lemma measure_sphere_cap_le:
  fixes x :: "real ^ 'n::finite"
  assumes "x \<noteq> 0" "CARD('n) \<ge> 3" "r > 0" "0 \<le> c" "c \<le> 1"
    and angle: "c * norm x * (2 * r) \<le> (norm x)\<^sup>2 + r\<^sup>2 - d"
  shows "measure (unif_sphere r) {y. (norm (x - y))\<^sup>2 \<le> d}
    \<le> 1 / sqrt pi * (Gamma (real CARD('n) / 2) / Gamma ((real CARD('n) - 1) / 2))
        * sqrt (1 - c\<^sup>2) ^ (CARD('n) - 3)"
proof -
  let ?n = "CARD('n)"
  have "measure (unif_sphere r) {y. (norm (x - y))\<^sup>2 \<le> d}
      \<le> measure lborel (solid_cone x c r) / (unit_ball_vol ?n * r ^ ?n)"
    using \<open>r > 0\<close> radial_projection_in_solid_cone[of r _ x d c] angle
    by (intro measure_unif_sphere_le[THEN order_trans])
       (auto intro: compact_solid_cone borel_closed closed_Collect_le continuous_intros)
  also have "\<dots> \<le> unit_ball_vol (real (?n - 1)) * (r * sqrt (1 - c\<^sup>2)) ^ (?n - 3) * (2/3 * r ^ 3)
      / (unit_ball_vol ?n * r ^ ?n)"
    using measure_solid_cone_le[of x r c] assms \<open>r > 0\<close> by (intro divide_right_mono) simp_all
  also have "\<dots> \<le> 1 / sqrt pi * (Gamma (real ?n / 2) / Gamma ((real ?n - 1) / 2)) * sqrt (1 - c\<^sup>2) ^ (?n - 3)"
    using assms by (intro solid_cone_ball_volume_ratio_le) (auto simp: power_le_one)
  finally show ?thesis .
qed
lemma cdf_le_if_quantile_le:
  assumes A: "support_density ga a b" and B: "support_density gb a b"
    and quantile_le: "\<And>\<theta>. \<theta> \<in> {0<..<1} \<Longrightarrow>
      quantile (cdf (density lborel ga)) \<theta> \<le> quantile (cdf (density lborel gb)) \<theta>"
    and t: "t \<in> {a<..<b}"
  shows "cdf (density lborel gb) t \<le> cdf (density lborel ga) t"
proof -
  interpret A: support_density ga a b by (rule A)
  interpret B: support_density gb a b by (rule B)
  interpret A: real_distribution "density lborel ga" by (rule A.real_distribution_density)
  define \<theta> where "\<theta> = B.G t"
  have \<theta>: "\<theta> \<in> {0<..<1}" unfolding \<theta>_def using B.cdf_in_open_unit[OF t] .
  define s where "s = the_inv_into {a..b} A.G \<theta>"
  have "s = quantile A.G \<theta>"
    unfolding s_def by (rule A.quantile_eq_the_inv_into[OF \<theta>, symmetric])
  also have "\<dots> \<le> quantile B.G \<theta>" by (rule quantile_le[OF \<theta>])
  also have "\<dots> = t" unfolding \<theta>_def by (rule B.quantile_cdf[OF t])
  finally have "A.G s \<le> A.G t" by (rule A.cdf_nondecreasing)
  moreover have "A.G s = \<theta>"
    unfolding s_def using \<theta> by (intro f_the_inv_into_f[OF A.inj_on_cdf]) (auto simp: A.cdf_image)
  ultimately show ?thesis unfolding \<theta>_def by simp
qed

(* Integrated over [a, z0] and [z0, b] the hypotheses give pi_a G_a(z0) < pi_b G_b(z0) and
   pi_b (1 - G_b(z0)) < pi_a (1 - G_a(z0)); together with G_b <= G_a this is impossible. *)
lemma quantile_order_excludes_reverse_crossing:
  assumes A: "support_density ga a b" and B: "support_density gb a b"
    and quantile_le: "\<And>\<theta>. \<theta> \<in> {0<..<1} \<Longrightarrow>
      quantile (cdf (density lborel ga)) \<theta> \<le> quantile (cdf (density lborel gb)) \<theta>"
    and \<pi>b: "0 \<le> \<pi>b" and z0: "z0 \<in> {a<..<b}" and cross: "\<pi>a * ga z0 = \<pi>b * gb z0"
    and left: "\<And>z. z \<in> {a..<z0} \<Longrightarrow> \<pi>a * ga z < \<pi>b * gb z"
    and right: "\<And>z. z \<in> {z0<..b} \<Longrightarrow> \<pi>b * gb z < \<pi>a * ga z"
  shows False
proof -
  interpret A: support_density ga a b by (rule A)
  interpret B: support_density gb a b by (rule B)
  have outside: "\<pi>a * ga z = \<pi>b * gb z" if "z \<notin> {a..b}" for z
    using that A.g_outside B.g_outside by simp
  have le_left: "\<pi>a * ga z \<le> \<pi>b * gb z" if "z \<le> z0" for z
    using that left[of z] cross outside[of z] by (cases "z \<in> {a..b}"; cases "z = z0") auto
  have le_right: "\<pi>b * gb z \<le> \<pi>a * ga z" if "z0 < z" for z
    using that right[of z] outside[of z] by (cases "z \<in> {a..b}") auto
  have lower: "\<pi>a * A.G z0 < \<pi>b * B.G z0"
  proof -
    have "(\<integral>x. \<pi>a * (indicator {..z0} x * ga x) \<partial>lborel) < (\<integral>x. \<pi>b * (indicator {..z0} x * gb x) \<partial>lborel)"
    proof (rule integral_less_lborel[of _ _ a z0])
      show "x \<in> {a<..<z0} \<Longrightarrow> \<pi>a * (indicator {..z0} x * ga x) < \<pi>b * (indicator {..z0} x * gb x)" for x
        using left[of x] by simp
    qed (use z0 le_left in \<open>auto simp: A.integrable_indicator_density
          B.integrable_indicator_density split: split_indicator\<close>)
    then show ?thesis by (simp add: A.cdf_eq_integral B.cdf_eq_integral)
  qed
  have upper: "\<pi>b * (1 - B.G z0) < \<pi>a * (1 - A.G z0)"
  proof -
    have "(\<integral>x. \<pi>b * (indicator {z0<..} x * gb x) \<partial>lborel) < (\<integral>x. \<pi>a * (indicator {z0<..} x * ga x) \<partial>lborel)"
    proof (rule integral_less_lborel[of _ _ z0 b])
      show "x \<in> {z0<..<b} \<Longrightarrow> \<pi>b * (indicator {z0<..} x * gb x) < \<pi>a * (indicator {z0<..} x * ga x)" for x
        using right[of x] by simp
    qed (use z0 le_right in \<open>auto simp: A.integrable_indicator_density
          B.integrable_indicator_density split: split_indicator\<close>)
    then show ?thesis by (simp add: A.one_minus_cdf_eq_integral B.one_minus_cdf_eq_integral)
  qed
  have dominated: "B.G z0 \<le> A.G z0" by (rule cdf_le_if_quantile_le[OF A B quantile_le z0])
  have "\<pi>a * A.G z0 < \<pi>b * A.G z0"
    using lower mult_left_mono[OF dominated \<pi>b] by linarith
  moreover have "\<pi>b * (1 - A.G z0) < \<pi>a * (1 - A.G z0)"
    using upper mult_left_mono[of "1 - A.G z0" "1 - B.G z0", OF _ \<pi>b] dominated by linarith
  moreover have "0 < A.G z0" "A.G z0 < 1" using A.cdf_in_open_unit[OF z0] by auto
  ultimately show False by (simp add: mult_less_cancel_right)
qed

lemma weighted_densities_order_at_crossing:
  assumes A: "support_density ga a b" and B: "support_density gb a b"
    and quantile_le: "\<And>\<theta>. \<theta> \<in> {0<..<1} \<Longrightarrow>
      quantile (cdf (density lborel ga)) \<theta> \<le> quantile (cdf (density lborel gb)) \<theta>"
    and \<pi>b: "0 \<le> \<pi>b" and z0: "z0 \<in> {a<..<b}" and cross: "\<pi>a * ga z0 = \<pi>b * gb z0"
    and sides:
      "(\<forall>z\<in>{a..b}. (z < z0 \<longrightarrow> \<pi>a * ga z > \<pi>b * gb z) \<and> (z > z0 \<longrightarrow> \<pi>a * ga z < \<pi>b * gb z))
     \<or> (\<forall>z\<in>{a..b}. (z < z0 \<longrightarrow> \<pi>a * ga z < \<pi>b * gb z) \<and> (z > z0 \<longrightarrow> \<pi>a * ga z > \<pi>b * gb z))"
  shows "z \<le> z0 \<Longrightarrow> \<pi>b * gb z \<le> \<pi>a * ga z"
    and "z0 < z \<Longrightarrow> \<pi>a * ga z \<le> \<pi>b * gb z"
proof -
  interpret A: support_density ga a b by (rule A)
  interpret B: support_density gb a b by (rule B)
  have "\<not> (\<forall>z\<in>{a..b}. (z < z0 \<longrightarrow> \<pi>a * ga z < \<pi>b * gb z) \<and> (z > z0 \<longrightarrow> \<pi>a * ga z > \<pi>b * gb z))"
  proof
    assume "\<forall>z\<in>{a..b}. (z < z0 \<longrightarrow> \<pi>a * ga z < \<pi>b * gb z) \<and> (z > z0 \<longrightarrow> \<pi>a * ga z > \<pi>b * gb z)"
    then show False
      by (intro quantile_order_excludes_reverse_crossing[OF A B _ \<pi>b z0 cross])
         (use quantile_le z0 in auto)
  qed
  then have alpha_left:
    "\<forall>z\<in>{a..b}. (z < z0 \<longrightarrow> \<pi>a * ga z > \<pi>b * gb z) \<and> (z > z0 \<longrightarrow> \<pi>a * ga z < \<pi>b * gb z)"
    using sides by blast
  show "\<pi>b * gb z \<le> \<pi>a * ga z" if "z \<le> z0"
    using alpha_left that cross A.g_outside B.g_outside
    by (cases "z \<in> {a..b}"; cases "z = z0") (auto simp: less_imp_le)
  show "\<pi>a * ga z \<le> \<pi>b * gb z" if "z0 < z"
    using alpha_left that A.g_outside B.g_outside by (cases "z \<in> {a..b}") auto
qed
interpretation dPAST_provider: stable_sound_provider dPASTSUBINV
proof
  fix \<phi> C C' I f
  assume "wf_prog C" and refines: "prog_refines C' C" and "awp_star C' I = awp_star C I"
    and "dPASTSUBINV (While \<phi> C I) f"
  then have "\<forall>\<sigma>. iver \<phi> \<sigma> * awp_star C' I \<sigma> + iver (\<lambda>\<tau>. \<not> \<phi> \<tau>) \<sigma> * f \<sigma> \<ge> I \<sigma>"
    and "dPAST (While \<phi> C I)" and "suitable_OST (While \<phi> C I) f"
    unfolding dPASTSUBINV.simps by simp_all
  moreover have "prog_refines (While \<phi> C' I) (While \<phi> C I)"
    using refines by simp
  ultimately show "dPASTSUBINV (While \<phi> C' I) f"
    unfolding dPASTSUBINV.simps using refines
    by (blast intro: dPAST_prog_refines suitable_OST_prog_refines)
next
  fix \<phi> C I f \<sigma>
  assume det: "deterministic C" and "wf_prog C"
    and ih: "\<And>\<sigma>. awp_star C I \<sigma> \<le> awp C I \<sigma>" and P: "dPASTSUBINV (While \<phi> C I) f"
  have OST: "suitable_OST (While \<phi> C I) f"
    using P by simp
  then obtain b where b: "\<forall>\<sigma>. iver \<phi> \<sigma> * awp C (\<lambda>\<tau>. absdiff (I \<tau>) (I \<sigma>)) \<sigma> \<le> ennreal b"
    unfolding suitable_OST.simps by blast
  have variation_bounded: "awp C (\<lambda>\<tau>. absdiff (I \<tau>) (I \<sigma>)) \<sigma> \<le> ennreal b" if "\<phi> \<sigma>" for \<sigma>
    using that b[rule_format, of \<sigma>] by simp
  have finite: "I \<sigma> < \<infinity>" for \<sigma>
    using OST unfolding suitable_OST.simps by blast
  have sub: "I \<sigma> \<le> awp_char \<phi> C f I \<sigma>" for \<sigma>
    using P ih by (intro subinvariant_awp_char) auto
  have runtime: "lfp (ert_char \<phi> C (\<lambda>_. 0)) \<sigma> < \<infinity>" for \<sigma>
    using P by (simp add: dPAST_def ert_While)
  have terminates: "1 \<le> lfp (awp_char \<phi> C (\<lambda>_. 1)) \<sigma>" for \<sigma>
    using \<open>wf_prog C\<close> one_le_awp_one_if_ert_finite[of "While \<phi> C I"] runtime
    by (simp add: awp_While ert_While)
  show "I \<sigma> \<le> awp (While \<phi> C I) f \<sigma>"
    unfolding awp_While using det sub finite variation_bounded runtime terminates
    by (rule subinvariant_le_lfp_awp_char_OST)
qed

theorem theorem6p9:
  shows "yields_lower_bounds_awp dASTSUBINV \<and> trans_preserves dASTSUBINV \<and>
         yields_lower_bounds_awp dPASTSUBINV \<and> trans_preserves dPASTSUBINV"
  using dAST_provider.yields_lower_bounds dAST_provider.preserved_by_trans
    dPAST_provider.yields_lower_bounds dPAST_provider.preserved_by_trans
  by blast

end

==================================================

Return each line from the records that includes the word "also".

  also have "\<dots> \<le> unit_ball_vol (real (?n - 1)) * (r * sqrt (1 - c\<^sup>2)) ^ (?n - 3) * (2/3 * r ^ 3)
  also have "\<dots> \<le> 1 / sqrt pi * (Gamma (real ?n / 2) / Gamma ((real ?n - 1) / 2)) * sqrt (1 - c\<^sup>2) ^ (?n - 3)"
  also have "\<dots> \<le> quantile B.G \<theta>" by (rule quantile_le[OF \<theta>])
  also have "\<dots> = t" unfolding \<theta>_def by (rule B.quantile_cdf[OF t])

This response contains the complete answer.